Metrics for classification ML problems:
- Accuracy: accuracy is calculated as the proportion between correct predicted observations and the total observations.
- log-likelihood: While the response is binary, log-likelihood can be calculated as $\frac{\sum (y_i log(\hat{p_i})+(1-y_i)log(1-\hat{p_i}))}{n}$ in which $y=1$ and $y=0$ represents different level in this binary response.
# Question 4
- Descriptive models: To describe the data set by some statistic parameters, such as mean representing central trend, standard deviance representing the discrete trend, the quantile representing the summary of distribution.
- Inferential models: is used to learn about how the observations are generated. Thus inferential models often output the probability of each level in response.
- Predictive models: is used to predict the outcomes for observations out of train set generalize.
# Question 5
## 1.
- Mechanistic models: constructed based on the mechanism how predictors affect the response. The effects of predictors are often shown as parameters or coefficients in models.
- Empirically-driven: constructed based on the data without explainable model.
## 2.
mechanistic models are easier to understand than empirically-driven models. It is because that mechanistic models constructed based on a visual model to show the relationship between predictors and response variable.
## 3.
In mechanistic models, bias of model would increase while predictors are added into the model but variance of model would also decrease meanwhile. Thus to trade-off this problem, the irrelevant predictors should be removed.
In empirically-driven models, bias of model would decrease while complexity of model increase but variance of model would also increase meanwhile. Thus to trade-off this problem, the complexity should be decreased such as adding regularization and removing some predictors.
# Question 6
The first should be considered as the predictive model due to we are not interested in how the voter’s profile/data affect the favor of the candidate.

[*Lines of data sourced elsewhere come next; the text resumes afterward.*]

theorem mainTheorem16:
  fixes n :: nat and q :: real
  assumes "n \<ge> 3"
  defines "q \<equiv> real (card (UNIV :: 'a::{finite,field} set))"
  shows
   "(odd n \<longrightarrow> (\<forall>\<alpha>::'a. \<alpha> \<noteq> 0 \<and> \<alpha> \<noteq> 1 \<longrightarrow> real (N_D_odd n \<alpha>) = q ^ n - 1)) \<and>
    (odd n \<longrightarrow> real (N_D_odd n (1::'a)) = q ^ n - 1 + q ^ 2 * (q ^ (n - 1) - 1) / (q ^ 2 - 1)) \<and>
    (even n \<longrightarrow> (\<forall>\<alpha> \<beta>::'a. \<alpha> \<noteq> 0 \<and> \<beta> \<noteq> 0 \<and> \<alpha> \<noteq> \<beta> \<and> \<alpha> \<noteq> (-1) ^ (n div 2) \<and> \<beta> \<noteq> (-1) ^ (n div 2) \<longrightarrow>
        real (N_D_even n \<alpha> \<beta>) = (q ^ (n div 2) - 1) ^ 2)) \<and>
    (even n \<longrightarrow> (\<forall>\<alpha>::'a. \<alpha> \<noteq> 0 \<and> \<alpha> \<noteq> (-1) ^ (n div 2) \<longrightarrow>
        real (N_D_even n \<alpha> \<alpha>) = (q ^ (n div 2) - 1) ^ 2
          + q ^ 2 * ((q ^ ((n - 2) div 2) - 1) * (q ^ (n div 2) - 1)) / (q ^ 2 - 1))) \<and>
    (even n \<longrightarrow> (\<forall>\<beta>::'a. \<beta> \<noteq> 0 \<and> \<beta> \<noteq> (-1) ^ (n div 2) \<longrightarrow>
        real (N_D_even n ((-1) ^ (n div 2)) \<beta>) = (q ^ (n div 2) - 1) ^ 2 + (q - 1) * q ^ (n div 2))) \<and>
    (even n \<longrightarrow>
        real (N_D_even n ((-1) ^ (n div 2) :: 'a) ((-1) ^ (n div 2))) = (q ^ (n div 2) - 1) ^ 2
          + 2 * (q - 1) * q ^ (n div 2)
          + q ^ 2 * ((q ^ ((n - 2) div 2) - 1) * (q ^ (n div 2) - 1)) / (q ^ 2 - 1)
          + q ^ ((n + 2) div 2))"
proof -
  note odd = N_D_odd_formula[where 'a='a, OF assms(1), folded q_def]
  note even = N_D_even_formula[where 'a='a, OF assms(1), folded q_def]
  show ?thesis
    by (intro conjI impI allI) (auto simp: odd even algebra_simps)
qed

end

The second should be considered as the inference model due to the main idea of this model is to answer "How would a voter’s likelihood of support for the candidate change if they had personal contact with the candidate", which indicates that the affect of personal contact with the candidate on the voter’s favor should be investigated in statistic inference way
# Exercise 1
```{r}
data(mpg)
ggplot(aes(hwy),data=mpg)+geom_histogram()
```
# Exercise 2
```{r}
ggplot(aes(x=hwy,y=cty),data=mpg)+geom_point()
```
The scatters shows that `hwy` and `cty` are positively linear-correlated. This mean that `cty` would increase while `hwy` increase. Besides, the extent of increment is a constant while increment `cty` is also a constant.
# Exercise 3
```{r}
mpg%>%group_by(manufacturer)%>%summarise(counts=n())%>%
ggplot(aes(x=reorder(manufacturer,counts),y=counts))+
geom_bar(stat='identity')+coord_flip()+labs(x='Manufacturer')
```
Dodge produced the most cars and Lincoln produced the least cars.
# Exercise 4
```{r}
ggplot(aes(x=cyl,y=hwy,group=cyl),data=mpg)+geom_boxplot()
```
It shows that as `cyl` would affect `hwy` in negative way.
# Exercise 5
```{r}
library(dplyr)
library(corrplot)
corrplot(cor(mpg%>%select(displ,cyl,cty,hwy)))
```
Categorical variables and predictor `year` are removed firstly due to `Year` is not meaningful in this question and the categorical variables are not suitable for calculating correlation. As a result, `hwy` is positively correlated with `displ` and `cyl` but negatively correlated with `cty` and `hwy`. `cty` is positively correlated with `displ` and `cyl` but negatively correlated with `cty`. `cyl` is negatively correlated with `displ` and `cyl`.